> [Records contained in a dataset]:

★ ★ ★ ★ ★ ★ ★

(* $\widetilde{\mathbb{R}}=\mathbb{R}^{\mathrm{alg}}$, i.e. $\widetilde{\mathbb{R}}$ equals the field of real numbers that are algebraic over $\mathbb{Q}$.
   Context: Let $K$ be a field. For $r\in K$, a finite set $A(r)$ with $\{r\}\subseteq A(r)\subseteq K$ is called adequate for $r$ if every mapping $f:A(r)\to K$ satisfying (1) if $1\in A(r)$ then $f(1)=1$; (2) if $a,b\in A(r)$ and $a+b\in A(r)$ then $f(a+b)=f(a)+f(b)$; (3) if $a,b\in A(r)$ and $a\cdot b\in A(r)$ then $f(a\cdot b)=f(a)\cdot f(b)$, also satisfies $f(r)=r$. $\widetilde{K}$ denotes the set of all $r\in K$ for which some finite set adequate for $r$ exists. $\mathbb{R}^{\mathrm{alg}}$ denotes the field of real algebraic numbers. *)

theory Defs
  imports Complex_Main "HOL-Computational_Algebra.Polynomial"
begin

definition adequate :: "'a::field set \<Rightarrow> 'a \<Rightarrow> bool" where
  "adequate A r \<longleftrightarrow> finite A \<and> r \<in> A \<and>
     (\<forall>f :: 'a \<Rightarrow> 'a.
        ((1 \<in> A \<longrightarrow> f 1 = 1) \<and>
         (\<forall>a\<in>A. \<forall>b\<in>A. a + b \<in> A \<longrightarrow> f (a + b) = f a + f b) \<and>
         (\<forall>a\<in>A. \<forall>b\<in>A. a * b \<in> A \<longrightarrow> f (a * b) = f a * f b))
        \<longrightarrow> f r = r)"

definition tilde :: "'a::field set" where
  "tilde = {r. \<exists>A. adequate A r}"

end

theory Submission
  imports Defs "HOL-Library.Function_Algebras"
begin
lemma park_value_ge_1: "1 \<le> park_value h v"
  by (induction v) auto

lemma park_value_le_Suc: "park_value h v \<le> park_value h (Suc v)"
  using park_value_le_count_less[of h v] count_less_mono[of v "Suc v" h] by auto

lemma park_value_mono: "v \<le> v' \<Longrightarrow> park_value h v \<le> park_value h v'"
  using lift_Suc_mono_le[of "park_value h", OF park_value_le_Suc] .

lemma park_value_less_imp_less: "park_value h x < park_value h y \<Longrightarrow> x < y"
  using park_value_mono by (metis leD leI)

lemma park_value_attained: "\<exists>w\<le>v. park_value h v = v - w + 1 + count_less h w"
proof (induction v)
  case (Suc v)
  then obtain w where "w \<le> v" "park_value h v = v - w + 1 + count_less h w" by auto
  then show ?case
    by (cases "park_value h (Suc v) = park_value h v + 1")
       (auto intro: exI[of _ w] exI[of _ "Suc v"] simp del: park_value.simps, auto)
qed simp

lemma park_value_lower_bound:
  "(\<forall>u\<le>v. L \<le> v - u + 1 + count_less h u) \<Longrightarrow> L \<le> park_value h v"
proof (induction v arbitrary: L)
  case (Suc v)
  have "\<forall>u\<le>v. L - 1 \<le> v - u + 1 + count_less h u"
  proof (intro allI impI)
    fix u assume "u \<le> v"
    then have "L \<le> Suc v - u + 1 + count_less h u" using Suc.prems by simp
    then show "L - 1 \<le> v - u + 1 + count_less h u" using \<open>u \<le> v\<close> by simp
  qed
  then have "L - 1 \<le> park_value h v" by (rule Suc.IH)
  moreover have "L \<le> count_less h (Suc v) + 1" using Suc.prems by force
  ultimately show ?case by simp
qed simp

★ ★ ★ ★ ★ ★ ★

> [What the exercise asks]: Starting from the first line of the records above, retype each line exactly up to and including the one that contains "v \<le> park_value h (Suc", and nothing more.

> [Written solution]:
(* $\widetilde{\mathbb{R}}=\mathbb{R}^{\mathrm{alg}}$, i.e. $\widetilde{\mathbb{R}}$ equals the field of real numbers that are algebraic over $\mathbb{Q}$.
   Context: Let $K$ be a field. For $r\in K$, a finite set $A(r)$ with $\{r\}\subseteq A(r)\subseteq K$ is called adequate for $r$ if every mapping $f:A(r)\to K$ satisfying (1) if $1\in A(r)$ then $f(1)=1$; (2) if $a,b\in A(r)$ and $a+b\in A(r)$ then $f(a+b)=f(a)+f(b)$; (3) if $a,b\in A(r)$ and $a\cdot b\in A(r)$ then $f(a\cdot b)=f(a)\cdot f(b)$, also satisfies $f(r)=r$. $\widetilde{K}$ denotes the set of all $r\in K$ for which some finite set adequate for $r$ exists. $\mathbb{R}^{\mathrm{alg}}$ denotes the field of real algebraic numbers. *)

theory Defs
  imports Complex_Main "HOL-Computational_Algebra.Polynomial"
begin

definition adequate :: "'a::field set \<Rightarrow> 'a \<Rightarrow> bool" where
  "adequate A r \<longleftrightarrow> finite A \<and> r \<in> A \<and>
     (\<forall>f :: 'a \<Rightarrow> 'a.
        ((1 \<in> A \<longrightarrow> f 1 = 1) \<and>
         (\<forall>a\<in>A. \<forall>b\<in>A. a + b \<in> A \<longrightarrow> f (a + b) = f a + f b) \<and>
         (\<forall>a\<in>A. \<forall>b\<in>A. a * b \<in> A \<longrightarrow> f (a * b) = f a * f b))
        \<longrightarrow> f r = r)"

definition tilde :: "'a::field set" where
  "tilde = {r. \<exists>A. adequate A r}"

end

theory Submission
  imports Defs "HOL-Library.Function_Algebras"
begin
lemma park_value_ge_1: "1 \<le> park_value h v"
  by (induction v) auto

lemma park_value_le_Suc: "park_value h v \<le> park_value h (Suc v)"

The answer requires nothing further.